Why Boyda won

Siege mentality has put together the county-by-county numbers on the Boyda victory. There were 220,442 votes cast for Boyda and Ryun. Last time there were 286,857.

You can see the whole spreadsheet here.

Even with 60,000 fewer votes, Boyda got nearly as many votes in each county, in most cases more, than she got two years ago. Jim Ryun lost votes everywhere.

I suspect that the comment I heard at the watch party is right, that Republican GOTV was bringing Boyda supporters to the polls. Ed Brayton is suggesting that libertarian Republicans swung the election, and I suspect that played a role.

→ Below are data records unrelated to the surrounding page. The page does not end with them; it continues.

lemma grad_separable:
  fixes f f' :: "'d::finite \<Rightarrow> real \<Rightarrow> real" and \<theta> :: "real^'d"
  assumes "\<And>i. (f i has_real_derivative f' i (\<theta> $ i)) (at (\<theta> $ i))"
  shows "grad (\<lambda>\<theta>. \<Sum>i\<in>UNIV. f i (\<theta> $ i)) \<theta> = (\<chi> i. f' i (\<theta> $ i))"
proof -
  have "((\<lambda>s. \<Sum>i\<in>UNIV. f i ((\<theta> + s *\<^sub>R axis j 1) $ i)) has_real_derivative f' j (\<theta> $ j)) (at 0)" for j
  proof -
    have split: "(\<Sum>i\<in>UNIV. f i ((\<theta> + s *\<^sub>R axis j 1) $ i))
        = f j (s + \<theta> $ j) + (\<Sum>i\<in>UNIV - {j}. f i (\<theta> $ i))" for s
      by (simp add: sum.remove[of UNIV j] axis_def add.commute)
    have "((\<lambda>s. f j (s + \<theta> $ j)) has_real_derivative f' j (\<theta> $ j)) (at 0)"
      using assms[of j] DERIV_shift[of "f j" _ 0 "\<theta> $ j"] by simp
    then show ?thesis unfolding split by (auto intro!: derivative_eq_intros)
  qed
  then show ?thesis
    by (simp add: grad_def DERIV_imp_deriv vec_eq_iff)
qed

lemma grad_hyp_entropy_minus_inner:
  fixes D p \<theta> :: "real^'d"
  assumes "\<forall>i. D $ i > 0"
  shows "grad (\<lambda>\<theta>. hyp_entropy D \<theta> - inner p \<theta>) \<theta> = (\<chi> i. arsinh (2 * \<theta> $ i / D $ i) / 2 - p $ i)"
proof -
  define f where "f i x = (2 * x * arsinh (2 * x / D $ i) - sqrt (4 * x\<^sup>2 + (D $ i)\<^sup>2) + D $ i) / 4 - p $ i * x"
    for i x
  have "(\<lambda>\<theta>. hyp_entropy D \<theta> - inner p \<theta>) = (\<lambda>\<theta>. \<Sum>i\<in>UNIV. f i (\<theta> $ i))"
    by (simp add: fun_eq_iff f_def hyp_entropy_def inner_vec_def sum_subtractf sum_divide_distrib)
  moreover have "(f i has_real_derivative arsinh (2 * \<theta> $ i / D $ i) / 2 - p $ i) (at (\<theta> $ i))" for i
  proof -
    have "D $ i > 0" using assms by simp
    from DERIV_diff[OF DERIV_cdivide[OF hyp_entropy_term_has_real_derivative[OF this, of "\<theta> $ i"], of 4]
        DERIV_cmult_Id[of "p $ i"]]
    show ?thesis unfolding f_def by simp
  qed
  ultimately show ?thesis
    using grad_separable[of f "\<lambda>i x. arsinh (2 * x / D $ i) / 2 - p $ i"] by simp
qed

lemma arsinh_ratio_eq_ln_diff:
  fixes a b :: real
  assumes "a > 0" "b > 0"
  shows "arsinh ((a\<^sup>2 - b\<^sup>2) / (2 * (a * b))) = ln a - ln b"
proof -
  have "sinh (ln a - ln b) = (a\<^sup>2 - b\<^sup>2) / (2 * (a * b))"
    using assms by (simp add: sinh_def exp_diff exp_minus field_simps power2_eq_square)
  then show ?thesis by (metis arsinh_sinh_real)
qed

lemma arsinh_reweighted_eq_ln:
  fixes u v x :: real
  assumes "u\<^sup>2 \<noteq> v\<^sup>2"
  shows "arsinh ((((u + v) * exp (- x))\<^sup>2 - ((u - v) * exp x)\<^sup>2) / (2 * \<bar>u\<^sup>2 - v\<^sup>2\<bar>))
    = ln \<bar>u + v\<bar> - ln \<bar>u - v\<bar> - 2 * x"
proof -
  define a where "a = \<bar>u + v\<bar> * exp (- x)"
  define b where "b = \<bar>u - v\<bar> * exp x"
  have "\<bar>u\<^sup>2 - v\<^sup>2\<bar> = \<bar>u + v\<bar> * \<bar>u - v\<bar>"
    by (simp add: abs_mult[symmetric] power2_eq_square algebra_simps)
  then have "\<bar>u\<^sup>2 - v\<^sup>2\<bar> = a * b"
    by (simp add: a_def b_def exp_minus field_simps)
  moreover have "((u + v) * exp (- x))\<^sup>2 = a\<^sup>2" "((u - v) * exp x)\<^sup>2 = b\<^sup>2"
    by (simp_all add: a_def b_def power_mult_distrib)
  moreover have "(u + v) * (u - v) \<noteq> 0"
    using assms by (simp add: power2_eq_square algebra_simps)
  then have "\<bar>u + v\<bar> > 0" "\<bar>u - v\<bar> > 0"
    by auto
  then have "a > 0" "b > 0" "ln a - ln b = ln \<bar>u + v\<bar> - ln \<bar>u - v\<bar> - 2 * x"
    by (simp_all add: a_def b_def ln_mult)
  ultimately show ?thesis
    by (simp add: arsinh_ratio_eq_ln_diff)
qed

lemma grad_Phi_eq_xi:
  assumes "\<forall>i. Delta u v t $ i > 0"
  shows "grad (Phi L lam u v t) (u t * v t) = xi L lam u v t"
proof -
  have "Phi L lam u v t = (\<lambda>\<theta>. hyp_entropy (Delta u v t) \<theta> - inner (phi L lam u v t) \<theta>)"
    by (simp add: fun_eq_iff Phi_def)
  then have grad_Phi: "grad (Phi L lam u v t) (u t * v t)
      = (\<chi> i. arsinh (2 * (u t $ i * v t $ i) / Delta u v t $ i) / 2 - phi L lam u v t $ i)"
    using grad_hyp_entropy_minus_inner[OF assms] by simp
  have "arsinh (2 * (u t $ i * v t $ i) / Delta u v t $ i) / 2 - phi L lam u v t $ i = xi L lam u v t $ i"
    for i
  proof -
    have nz: "(u t $ i)\<^sup>2 \<noteq> (v t $ i)\<^sup>2"
      using assms by (auto simp: Delta_def)
    have "(((u t $ i + v t $ i) * exp (- 0))\<^sup>2 - ((u t $ i - v t $ i) * exp 0)\<^sup>2)
        / (2 * \<bar>(u t $ i)\<^sup>2 - (v t $ i)\<^sup>2\<bar>) = 2 * (u t $ i * v t $ i) / Delta u v t $ i"
      by (simp add: Delta_def power2_eq_square algebra_simps)
    then show ?thesis
      using arsinh_reweighted_eq_ln[OF nz, of 0] arsinh_reweighted_eq_ln[OF nz, of "xi L lam u v t $ i"]
      by (simp add: phi_def alpha_plus_def alpha_minus_def Delta_def field_simps)
  qed
  then show ?thesis
    by (simp add: grad_Phi vec_eq_iff)
qed

lemma integral_has_vector_derivative_atLeast:
  fixes h :: "real \<Rightarrow> 'a::banach"
  assumes "continuous_on {a..} h" "t \<ge> a"
  shows "((\<lambda>s. integral {a..s} h) has_vector_derivative h t) (at t within {a..})"
proof -
  have "((\<lambda>s. integral {a..s} h) has_vector_derivative h t) (at t within {a..t+1})"
    using assms by (intro integral_has_vector_derivative) (auto intro: continuous_on_subset)
  moreover have "at t within {a..t+1} = at t within {a..}"
    by (rule at_within_nhd[where S="{t - 1 <..< t + 1}"]) auto
  ultimately show ?thesis by simp
qed
(* Let $G=(V,E)$ be an $S$-regular graph with cells $V_1,\dots,V_k$, $n_i=|V_i|$, and let $B,C\subseteq V$, with $B_i=B\cap V_i$, $C_j=C\cap V_j$. Then \[\Bigl|\,|E(B,C)|-\sum_{i=1}^k\sum_{j=1}^k\sqrt{\tfrac{s_{ij}s_{ji}}{n_in_j}}\,|B_i||C_j|\,\Bigr|\le\lambda_B\sqrt{|B||C|}.\]
   Context: All graphs are simple, undirected and connected. $G$ is $S$-regular ($S=(s_{ij})$ a $k\times k$ nonnegative integer matrix) if $V$ is partitioned into nonempty cells $V_1,\dots,V_k$ such that every vertex of $V_i$ has exactly $s_{ij}$ neighbours in $V_j$. $|E(B,C)|$ denotes the number of pairs $(u,v)\in B\times C$ with $uv\in E$ (i.e. $\mathbf{1}_B^TA\mathbf{1}_C$, $A$ the adjacency matrix). The subspace $W=\mathrm{span}\{\mathbf{1}_{V_1},\dots,\mathbf{1}_{V_k}\}$ is $A$-invariant with eigenvalues on $W$ equal to those of $S$; the eigenvalues of $A$ on $W^\perp$ are the bulk eigenvalues (assume $|V|>k$), and $\lambda_B$ is the largest absolute value of a bulk eigenvalue. *)

theory Defs
  imports "HOL-Analysis.Analysis"
begin

definition simple_graph :: "'a set \<Rightarrow> ('a \<Rightarrow> 'a \<Rightarrow> bool) \<Rightarrow> bool" where
  "simple_graph V E \<longleftrightarrow> finite V \<and> V \<noteq> {} \<and>
     (\<forall>u v. E u v \<longrightarrow> u \<in> V \<and> v \<in> V) \<and>
     (\<forall>u v. E u v \<longrightarrow> E v u) \<and> (\<forall>u. \<not> E u u)"

definition connected_graph :: "'a set \<Rightarrow> ('a \<Rightarrow> 'a \<Rightarrow> bool) \<Rightarrow> bool" where
  "connected_graph V E \<longleftrightarrow> (\<forall>u\<in>V. \<forall>v\<in>V. E\<^sup>*\<^sup>* u v)"

definition is_partition :: "'a set \<Rightarrow> nat \<Rightarrow> (nat \<Rightarrow> 'a set) \<Rightarrow> bool" where
  "is_partition V k P \<longleftrightarrow> (\<forall>i<k. P i \<noteq> {}) \<and> (\<forall>i<k. \<forall>j<k. i \<noteq> j \<longrightarrow> P i \<inter> P j = {})
     \<and> (\<Union>i<k. P i) = V"

definition S_regular :: "'a set \<Rightarrow> ('a \<Rightarrow> 'a \<Rightarrow> bool) \<Rightarrow> nat \<Rightarrow> (nat \<Rightarrow> 'a set) \<Rightarrow> (nat \<Rightarrow> nat \<Rightarrow> nat) \<Rightarrow> bool" where
  "S_regular V E k P s \<longleftrightarrow> is_partition V k P \<and>
     (\<forall>i<k. \<forall>j<k. \<forall>v\<in>P i. card {u \<in> P j. E v u} = s i j)"
lemma ibinom_Suc_Suc: "ibinom (a + 1) (int (Suc m)) = ibinom a (int m) + ibinom a (int (Suc m))"
proof (cases "a \<ge> 0")
  case True
  then have "nat (a + 1) = Suc (nat a)" by simp
  with True show ?thesis
    unfolding ibinom_def nat_int by (simp del: of_nat_Suc)
next
  case False
  then show ?thesis by (cases "a = -1") (auto simp: ibinom_def)
qed

lemma alternating_ibinom_diff:
  "(-1) ^ Suc m * ibinom a (int (Suc m)) - (-1) ^ Suc m * ibinom (a + 1) (int (Suc m)) =
   (-1) ^ m * ibinom a (int m)"
  unfolding ibinom_Suc_Suc by (simp add: algebra_simps del: of_nat_Suc)

definition fuss_catalan :: "nat \<Rightarrow> int \<Rightarrow> real" where
  "fuss_catalan k d = 1 / of_int (1 + d * (int k + 1)) * ibinom (1 + d * (int k + 1)) d"

lemma fuss_catalan_neg: "d < 0 \<Longrightarrow> fuss_catalan k d = 0"
  by (simp add: fuss_catalan_def ibinom_neg_lower)

lemma fuss_catalan_0: "fuss_catalan k 0 = 1"
  by (simp add: fuss_catalan_def ibinom_def)

lemma real_card_dyck_prefixes_height_0: "real (card (dyck_prefixes k n 0)) = fuss_catalan k (int n)"
proof -
  let ?N = "(k + 1) * n + 1"
  have N: "1 + int n * (int k + 1) = int ?N" by (simp add: algebra_simps)
  have "real (card (dyck_prefixes k n 0)) = real (?N choose n) / real ?N"
    unfolding card_dyck_prefixes_height_0[symmetric] of_nat_mult
    by (rule nonzero_mult_div_cancel_right[symmetric]) (simp only: of_nat_eq_0_iff)
  also have "\<dots> = fuss_catalan k (int n)"
    unfolding fuss_catalan_def N ibinom_of_nat of_int_of_nat_eq by simp
  finally show ?thesis .
qed

definition fuss_catalan_alt_sum :: "nat \<Rightarrow> nat \<Rightarrow> int \<Rightarrow> real" where
  "fuss_catalan_alt_sum k n j =
     (\<Sum>m\<in>{0..nat j}. (-1) ^ m * ibinom (j - int k * int m) (int m) * fuss_catalan k (int n - int m))"

definition dyck_formula :: "nat \<Rightarrow> nat \<Rightarrow> int \<Rightarrow> real" where
  "dyck_formula k n j = fuss_catalan_alt_sum k n j - (-1) ^ n * ibinom (j - 1 - int k * int n) (int n)"

lemma fuss_catalan_alt_sum_upto:
  assumes "k \<ge> 1" "nat j \<le> M"
  shows "fuss_catalan_alt_sum k n j =
    (\<Sum>m\<in>{0..M}. (-1) ^ m * ibinom (j - int k * int m) (int m) * fuss_catalan k (int n - int m))"
proof -
  have "ibinom (j - int k * int m) (int m) = 0" if "nat j < m" for m
  proof (rule ibinom_neg_upper)
    have "int m \<le> int k * int m" using mult_right_mono[of 1 "int k" "int m"] assms(1) by simp
    with that show "j - int k * int m < 0" by linarith
  qed
  then show ?thesis
    unfolding fuss_catalan_alt_sum_def by (intro sum.mono_neutral_left) (use assms in auto)
qed
(* Let $a \geq 1$ and consider the scalar system $X_{n+1} = a X_n + Z_n - U_n$, $n=1,2,\ldots$, where $X_1, Z_1, Z_2, \ldots$ are independent real random variables and $X_1$ has a probability density. If an $M$-bin causal quantizer-controller makes the system stabilizable in probability, i.e. there is a bounded interval $\mathcal I \subset \mathbb{R}$ with $\limsup_{n\to\infty} \mathbb{P}[X_n \in \mathcal I] > 0$, then $M \geq \lceil a \rceil$.
   Context: An $M$-bin causal quantizer-controller is a sequence $\{\mathsf f_n, \mathsf g_n\}_{n=1}^\infty$ of (measurable) maps $\mathsf f_n \colon \mathbb{R}^n \to [M] = \{1,\ldots,M\}$ and $\mathsf g_n \colon [M]^n \to \mathbb{R}$; the control at time $n$ is $U_n = \mathsf g_n(\mathsf f_1(X_1), \mathsf f_2(X_1,X_2), \ldots, \mathsf f_n(X_1,\ldots,X_n))$. *)

theory Defs
  imports "HOL-Probability.Probability"
begin

text \<open>Vectors in R^k / [M]^k are represented as extensional functions on {1..k}.\<close>
definition qc_control ::
  "(nat \<Rightarrow> (nat \<Rightarrow> real) \<Rightarrow> nat) \<Rightarrow> (nat \<Rightarrow> (nat \<Rightarrow> nat) \<Rightarrow> real) \<Rightarrow> nat \<Rightarrow> (nat \<Rightarrow> real) \<Rightarrow> real"
  where "qc_control f g n x =
     g n (restrict (\<lambda>k. f k (restrict x {1..k})) {1..n})"
(* Let $T,\widehat T\in\mathbb R^{d\times k}$ with $T$ of full column rank. Let $q,p,\widehat q,\widehat p\in\mathbb R^d$ and let $\theta\in\mathbb R^k$ satisfy $T\theta=q-p$ and $\|\theta\|\le\theta_{\max}$. Let $\Delta_T,\Delta_p,\Delta_q\ge0$ satisfy $\|\widehat T-T\|\le\Delta_T$, $\|\widehat p-p\|\le\Delta_p$, $\|\widehat q-q\|\le\Delta_q$. If $\widehat\theta$ is any minimizer over $\theta'\in\mathbb R^k$ of $$\|\widehat T\theta'-\widehat q+\widehat p\|+\Delta_T\|\theta'\|,$$ then $$\|\widehat\theta-\theta\|\le 2\|T^\dagger\|\big(\Delta_q+\Delta_p+\theta_{\max}\Delta_T\big).$$
   Context: Vector norms are Euclidean norms and matrix norms are spectral (operator) norms. $T^\dagger$ denotes the Moore–Penrose pseudoinverse; for full-column-rank $T$, $\|T^\dagger\|$ is the inverse of the smallest singular value of $T$. *)

theory Defs
  imports "HOL-Analysis.Analysis"
begin

text \<open>Spectral (operator) norm of a real matrix, induced by the Euclidean vector norm.
  (Note: the built-in norm on real^'n^'m is the Frobenius norm, so we use onorm.)\<close>
definition spec_norm :: "real^'n^'m \<Rightarrow> real" where
  "spec_norm A = onorm (\<lambda>x. A *v x)"

definition is_pinv :: "real^'n^'m \<Rightarrow> real^'m^'n \<Rightarrow> bool" where
  "is_pinv A X \<longleftrightarrow> A ** X ** A = A \<and> X ** A ** X = X \<and>
     transpose (A ** X) = A ** X \<and> transpose (X ** A) = X ** A"

definition pinv :: "real^'n^'m \<Rightarrow> real^'m^'n" where
  "pinv A = (THE X. is_pinv A X)"

end

theory Submission
  imports Defs
begin

text \<open>Write \<open>r v = \<widehat>T v - \<widehat>q + \<widehat>p\<close>. Up to an error of at most
  \<open>\<Delta>\<^sub>T \<parallel>v\<parallel> + \<Delta>\<^sub>q + \<Delta>\<^sub>p\<close>, \<open>r v\<close> equals \<open>T (v - \<theta>)\<close>. Comparing the penalized
  objective at the minimizer \<open>\<widehat>\<theta>\<close> with its value at \<open>\<theta>\<close> therefore bounds
  \<open>\<parallel>T (\<widehat>\<theta> - \<theta>)\<parallel>\<close> by twice that error at \<open>\<theta>\<close>, and since \<open>T\<close> has full column rank,
  \<open>T\<^sup>\<dagger> T = I\<close> converts this into a bound on \<open>\<parallel>\<widehat>\<theta> - \<theta>\<parallel>\<close>.\<close>

lemma is_pinv_unique:
  fixes A :: "real^'n^'m" and X Y :: "real^'m^'n"
  assumes X: "is_pinv A X" and Y: "is_pinv A Y"
  shows "X = Y"
proof -
  have x1: "A ** X ** A = A" and x2: "X ** A ** X = X" and x3: "transpose (A ** X) = A ** X"
    and x4: "transpose (X ** A) = X ** A" using X by (auto simp: is_pinv_def)
  have y1: "A ** Y ** A = A" and y2: "Y ** A ** Y = Y" and y3: "transpose (A ** Y) = A ** Y"
    and y4: "transpose (Y ** A) = Y ** A" using Y by (auto simp: is_pinv_def)
  have AX_eq_AY: "A ** X = A ** Y"
  proof -
    have "A ** X = (A ** Y) ** (A ** X)" using y1 by (metis matrix_mul_assoc)
    also have "\<dots> = transpose ((A ** X) ** (A ** Y))"
      using x3 y3 by (simp add: matrix_transpose_mul)
    also have "(A ** X) ** (A ** Y) = A ** Y" using x1 by (metis matrix_mul_assoc)
    finally show ?thesis using y3 by simp
  qed
  have XA_eq_YA: "X ** A = Y ** A"
  proof -
    have "X ** A = (X ** A) ** (Y ** A)" using y1 by (metis matrix_mul_assoc)
    also have "\<dots> = transpose ((Y ** A) ** (X ** A))"
      using x4 y4 by (simp add: matrix_transpose_mul)
    also have "(Y ** A) ** (X ** A) = Y ** A" using x1 by (metis matrix_mul_assoc)
    finally show ?thesis using y4 by simp
  qed
  have "X = X ** (A ** X)" using x2 by (simp add: matrix_mul_assoc)
  also have "\<dots> = (Y ** A) ** Y" using AX_eq_AY XA_eq_YA by (simp add: matrix_mul_assoc)
  also have "\<dots> = Y" using y2 .
  finally show ?thesis .
qed

lemma pinv_eqI: "is_pinv A X \<Longrightarrow> pinv A = X"
  unfolding pinv_def using is_pinv_unique by blast

lemma gram_matrix_injective:
  fixes A :: "real^'n^'m"
  assumes "inj ((*v) A)"
  shows "inj ((*v) (transpose A ** A))"
proof -
  have "x = 0" if "(transpose A ** A) *v x = 0" for x
  proof -
    have "(A *v x) \<bullet> (A *v x) = (transpose A *v (A *v x)) \<bullet> x"
      by (metis dot_lmul_matrix transpose_matrix_vector)
    also have "\<dots> = 0" using that by (simp add: matrix_vector_mul_assoc)
    finally have "A *v x = A *v 0" by simp
    with assms show "x = 0" by (meson injD)
  qed
  then show ?thesis by (simp add: vec.inj_iff_eq_0)
qed

lemma is_pinv_gram_left_inverse:
  fixes A :: "real^'n^'m"
  assumes B: "B ** (transpose A ** A) = mat 1"
  shows "is_pinv A (B ** transpose A)" and "B ** transpose A ** A = mat 1"
proof -
  let ?G = "transpose A ** A"
  have G_sym: "transpose ?G = ?G" by (simp add: matrix_transpose_mul)
  have B_right: "?G ** B = mat 1" using B matrix_left_right_inverse by blast
  then have "transpose B ** ?G = mat 1"
    using arg_cong[of _ _ transpose] G_sym by (metis matrix_transpose_mul transpose_mat)
  then have B_sym: "transpose B = B"
    using B_right by (metis matrix_mul_assoc matrix_mul_lid matrix_mul_rid)
  show "B ** transpose A ** A = mat 1" using B by (simp add: matrix_mul_assoc)
  then show "is_pinv A (B ** transpose A)"
    unfolding is_pinv_def
    by (metis B_sym matrix_mul_assoc matrix_mul_lid matrix_mul_rid matrix_transpose_mul
        transpose_transpose)
qed

lemma pinv_mult_self:
  fixes A :: "real^'n^'m"
  assumes "inj ((*v) A)"
  shows "pinv A ** A = mat 1"
proof -
  obtain B where "B ** (transpose A ** A) = mat 1"
    using gram_matrix_injective[OF assms] matrix_left_invertible_injective by blast
  then show ?thesis using is_pinv_gram_left_inverse pinv_eqI by metis
qed

lemma norm_matrix_vector_le_spec_norm: "norm (A *v x) \<le> spec_norm A * norm x"
  unfolding spec_norm_def by (rule onorm) simp

lemma spec_norm_nonneg: "spec_norm A \<ge> 0"
  unfolding spec_norm_def by (rule onorm_pos_le) simp

lemma norm_le_spec_norm_pinv_mult:
  fixes A :: "real^'n^'m"
  assumes "inj ((*v) A)"
  shows "norm x \<le> spec_norm (pinv A) * norm (A *v x)"
  using norm_matrix_vector_le_spec_norm[of "pinv A" "A *v x"]
  by (simp add: matrix_vector_mul_assoc pinv_mult_self[OF assms])

lemma penalized_minimizer_error:
  fixes r :: "'a::real_normed_vector \<Rightarrow> 'b::real_normed_vector"
  assumes "linear L"
    and approx: "\<And>v. norm (r v - L (v - \<theta>)) \<le> a * norm v + c"
    and minimal: "norm (r \<theta>') + a * norm \<theta>' \<le> norm (r \<theta>) + a * norm \<theta>"
  shows "norm (L (\<theta>' - \<theta>)) \<le> 2 * (a * norm \<theta> + c)"
proof -
  have "norm (L (\<theta>' - \<theta>)) \<le> norm (r \<theta>') + norm (r \<theta>' - L (\<theta>' - \<theta>))"
    by (metis norm_minus_commute norm_triangle_sub)
  also have "\<dots> \<le> norm (r \<theta>) + a * norm \<theta> + c"
    using approx[of \<theta>'] minimal by linarith
  also have "norm (r \<theta>) \<le> a * norm \<theta> + c"
    using approx[of \<theta>] linear_0[OF \<open>linear L\<close>] by simp
  finally show ?thesis by simp
qed

lemma perturbed_residual_bound:
  fixes T That :: "real^'k^'d"
  assumes "T *v \<theta> = q - p"
    and "spec_norm (That - T) \<le> \<Delta>T"
    and "norm (ph - p) \<le> \<Delta>p"
    and "norm (qh - q) \<le> \<Delta>q"
  shows "norm ((That *v v - qh + ph) - T *v (v - \<theta>)) \<le> \<Delta>T * norm v + (\<Delta>q + \<Delta>p)"
proof -
  have residual: "(That *v v - qh + ph) - T *v (v - \<theta>) = (That - T) *v v - (qh - q) + (ph - p)"
    using assms(1)
    by (simp add: matrix_vector_mult_diff_distrib matrix_vector_mult_diff_rdistrib algebra_simps)
  have "norm ((That - T) *v v) \<le> \<Delta>T * norm v"
    using norm_matrix_vector_le_spec_norm[of "That - T" v] assms(2)
    by (meson mult_right_mono norm_ge_zero order_trans)
  then show ?thesis
    unfolding residual using assms(3,4) norm_triangle_ineq[of "(That - T) *v v - (qh - q)" "ph - p"]
      norm_triangle_ineq4[of "(That - T) *v v" "qh - q"] by linarith
qed

theorem lemma3:
  fixes T That :: "real^'k^'d"
    and q p qh ph :: "real^'d"
    and \<theta> \<theta>h :: "real^'k"
    and \<theta>max \<Delta>T \<Delta>p \<Delta>q :: real
  assumes full_rank: "rank T = CARD('k)"
    and eq: "T *v \<theta> = q - p"
    and theta_bound: "norm \<theta> \<le> \<theta>max"
    and "\<Delta>T \<ge> 0" and "\<Delta>p \<ge> 0" and "\<Delta>q \<ge> 0"
    and "spec_norm (That - T) \<le> \<Delta>T"
    and "norm (ph - p) \<le> \<Delta>p"
    and "norm (qh - q) \<le> \<Delta>q"
    and minimizer: "\<forall>\<theta>'. norm (That *v \<theta>h - qh + ph) + \<Delta>T * norm \<theta>h
                         \<le> norm (That *v \<theta>' - qh + ph) + \<Delta>T * norm \<theta>'"
  shows "norm (\<theta>h - \<theta>) \<le> 2 * spec_norm (pinv T) * (\<Delta>q + \<Delta>p + \<theta>max * \<Delta>T)"
proof -
  have "norm (T *v (\<theta>h - \<theta>)) \<le> 2 * (\<Delta>T * norm \<theta> + (\<Delta>q + \<Delta>p))"
    using penalized_minimizer_error[where r = "\<lambda>v. That *v v - qh + ph",
        OF matrix_vector_mul_linear perturbed_residual_bound[OF eq assms(7-9)]] minimizer
    by simp
  also have "\<dots> \<le> 2 * (\<Delta>q + \<Delta>p + \<theta>max * \<Delta>T)"
    using mult_left_mono[OF theta_bound \<open>\<Delta>T \<ge> 0\<close>] by (simp add: mult.commute)
  finally have image_error: "norm (T *v (\<theta>h - \<theta>)) \<le> 2 * (\<Delta>q + \<Delta>p + \<theta>max * \<Delta>T)" .
  have "inj ((*v) T)" using full_rank full_rank_injective by blast
  then have "norm (\<theta>h - \<theta>) \<le> spec_norm (pinv T) * norm (T *v (\<theta>h - \<theta>))"
    by (rule norm_le_spec_norm_pinv_mult)
  also have "\<dots> \<le> spec_norm (pinv T) * (2 * (\<Delta>q + \<Delta>p + \<theta>max * \<Delta>T))"
    using image_error spec_norm_nonneg by (rule mult_left_mono)
  finally show ?thesis by (simp add: mult.assoc mult.left_commute)
qed

end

But Boyda also worked hard to tap into the disaffected voters who had backed Perot in '92. Exit polls that year suggested that many of those voters might not have turned up at the polls at all if Perot hadn't run. These are largely protectionist voters concerned about kitchen table issues, not ideological warfare.

I think the libertarian vote is a bigger factor in the Kansas AG race, and in the rising Mountain West Democratic party. The Attorney General is not supposed to be pushing policy through his prosecutions, or carrying out personal vendettas. You don't have to be a libertarian to object to him sticking his nose into private medical records.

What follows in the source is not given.